(Task) In the entries that follow, say how many lines contain the string "rule". Give no other words.

Records from a collection
+++++

lemma bilinear_form_maximizer:
  assumes fin: "finite V" and "V \<noteq> {}"
  obtains x0 where "sq_norm V x0 = 1"
    and "\<And>z. bilinear_form V d z z \<le> bilinear_form V d x0 x0 * sq_norm V z"
proof -
  define K where "K = {x. sq_norm V x = 1 \<and> (\<forall>v. v \<notin> V \<longrightarrow> x v = 0)}"
  obtain u0 where "u0 \<in> V" using assms by blast
  then have "(\<lambda>v. if v = u0 then 1 else 0) \<in> K"
    using fin by (simp add: K_def sq_norm_def if_distrib[of "\<lambda>x. x\<^sup>2"] cong: if_cong)
  then have "K \<noteq> {}" by blast
  moreover have "continuous_on K (\<lambda>x. bilinear_form V d x x)"
    unfolding bilinear_form_def
    by (intro continuous_intros continuous_on_subset[OF continuous_on_product_coordinates]) auto
  ultimately obtain x0 where x0: "x0 \<in> K" and max: "\<And>z. z \<in> K \<Longrightarrow> bilinear_form V d z z \<le> bilinear_form V d x0 x0"
    using continuous_attains_sup[OF compact_unit_sphere[OF fin, folded K_def]] by blast
  have bound: "bilinear_form V d z z \<le> bilinear_form V d x0 x0 * sq_norm V z" for z
  proof (cases "sq_norm V z = 0")
    case True
    then have "bilinear_form V d z z = 0" using fin by (simp add: sq_norm_eq_0_iff bilinear_form_def)
    with True show ?thesis by simp
  next
    case False
    then have pos: "sq_norm V z > 0" using sq_norm_nonneg[of V z] by linarith
    define c where "c = 1 / sqrt (sq_norm V z)"
    have c2: "c\<^sup>2 = 1 / sq_norm V z" using pos by (simp add: c_def power_divide)
    define w where "w v = (if v \<in> V then c * z v else 0)" for v
    have Nw: "sq_norm V w = c\<^sup>2 * sq_norm V z"
      and Qw: "bilinear_form V d w w = c\<^sup>2 * bilinear_form V d z z"
      by (simp_all add: w_def sq_norm_def bilinear_form_def sum_distrib_left power2_eq_square
          algebra_simps)
    have "w \<in> K" using Nw c2 pos by (simp add: K_def w_def)
    then have "c\<^sup>2 * bilinear_form V d z z \<le> bilinear_form V d x0 x0" using max Qw by metis
    then show ?thesis using c2 pos by (simp add: field_simps)
  qed
  have "sq_norm V x0 = 1" using x0 by (simp add: K_def)
  from this bound show thesis by (rule that)
qed

lemma linear_coeff_eq_0_if_quadratic_nonpos:
  fixes B C :: real
  assumes "\<And>t. 2 * t * B + t\<^sup>2 * C \<le> 0"
  shows "B = 0"
proof (rule ccontr)
  assume "B \<noteq> 0"
  define c where "c = \<bar>C\<bar> + 1"
  define t where "t = B / c"
  have "c > 0" by (simp add: c_def)
  then have tc: "t * c = B" by (simp add: t_def)
  have "(2 * t * B + t\<^sup>2 * C) * c\<^sup>2 = 2 * B * (t * c) * c + (t * c)\<^sup>2 * C"
    by (simp add: power2_eq_square algebra_simps)
  also have "\<dots> = B\<^sup>2 * (2 * c + C)" by (simp only: tc) (simp add: power2_eq_square algebra_simps)
  finally have "(2 * t * B + t\<^sup>2 * C) * c\<^sup>2 = B\<^sup>2 * (2 * c + C)" .
  moreover have "B\<^sup>2 * (2 * c + C) > 0"
    using \<open>B \<noteq> 0\<close> by (intro mult_pos_pos) (auto simp: c_def abs_if)
  moreover have "(2 * t * B + t\<^sup>2 * C) * c\<^sup>2 \<le> 0"
    using assms[of t] by (simp add: mult_nonpos_nonneg)
  ultimately show False by linarith
qed

text \<open>First variation: moving the maximizer in the direction of a unit vector \<open>e\<^sub>u\<close> cannot increase
the Rayleigh quotient, so the linear term in the step length vanishes.\<close>

lemma eigenvector_of_bilinear_form_maximizer:
  assumes fin: "finite V" and sym: "\<And>u v. u \<in> V \<Longrightarrow> v \<in> V \<Longrightarrow> d u v = d v u"
    and max: "\<And>z. bilinear_form V d z z \<le> \<mu> * sq_norm V z"
    and x0: "sq_norm V x0 = 1" "bilinear_form V d x0 x0 = \<mu>"
    and u: "u \<in> V"
  shows "(\<Sum>v\<in>V. d u v * x0 v) = \<mu> * x0 u"
proof -
  define e :: "'a \<Rightarrow> real" where "e v = (if v = u then 1 else 0)" for v
  have "bilinear_form V d x0 e = (\<Sum>w\<in>V. d w u * x0 w)"
    using fin u by (simp add: bilinear_form_def e_def if_distrib cong: if_cong)
  also have "\<dots> = (\<Sum>v\<in>V. d u v * x0 v)"
    using u sym by (intro sum.cong) auto
  finally have Le: "bilinear_form V d x0 e = (\<Sum>v\<in>V. d u v * x0 v)" .
  moreover have "bilinear_form V d e x0 = bilinear_form V d x0 e"
    by (rule bilinear_form_commute[OF sym])
  moreover have "(\<Sum>v\<in>V. x0 v * e v) = x0 u"
    using fin u by (simp add: e_def if_distrib cong: if_cong)
  moreover have "sq_norm V e = 1"
    using fin u by (simp add: sq_norm_def e_def if_distrib[of "\<lambda>x. x\<^sup>2"] cong: if_cong)
  ultimately have "bilinear_form V d (\<lambda>v. x0 v + t * e v) (\<lambda>v. x0 v + t * e v)
      = \<mu> + 2 * t * (\<Sum>v\<in>V. d u v * x0 v) + t\<^sup>2 * bilinear_form V d e e"
    and "sq_norm V (\<lambda>v. x0 v + t * e v) = 1 + 2 * t * x0 u + t\<^sup>2" for t
    using x0 by (simp_all add: bilinear_form_add_scaled sq_norm_add_scaled)
  then have "2 * t * ((\<Sum>v\<in>V. d u v * x0 v) - \<mu> * x0 u) + t\<^sup>2 * (bilinear_form V d e e - \<mu>) \<le> 0" for t
    using max[of "\<lambda>v. x0 v + t * e v"] by (simp add: algebra_simps)
  then show ?thesis using linear_coeff_eq_0_if_quadratic_nonpos by fastforce
qed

+++++

(Your solution) 3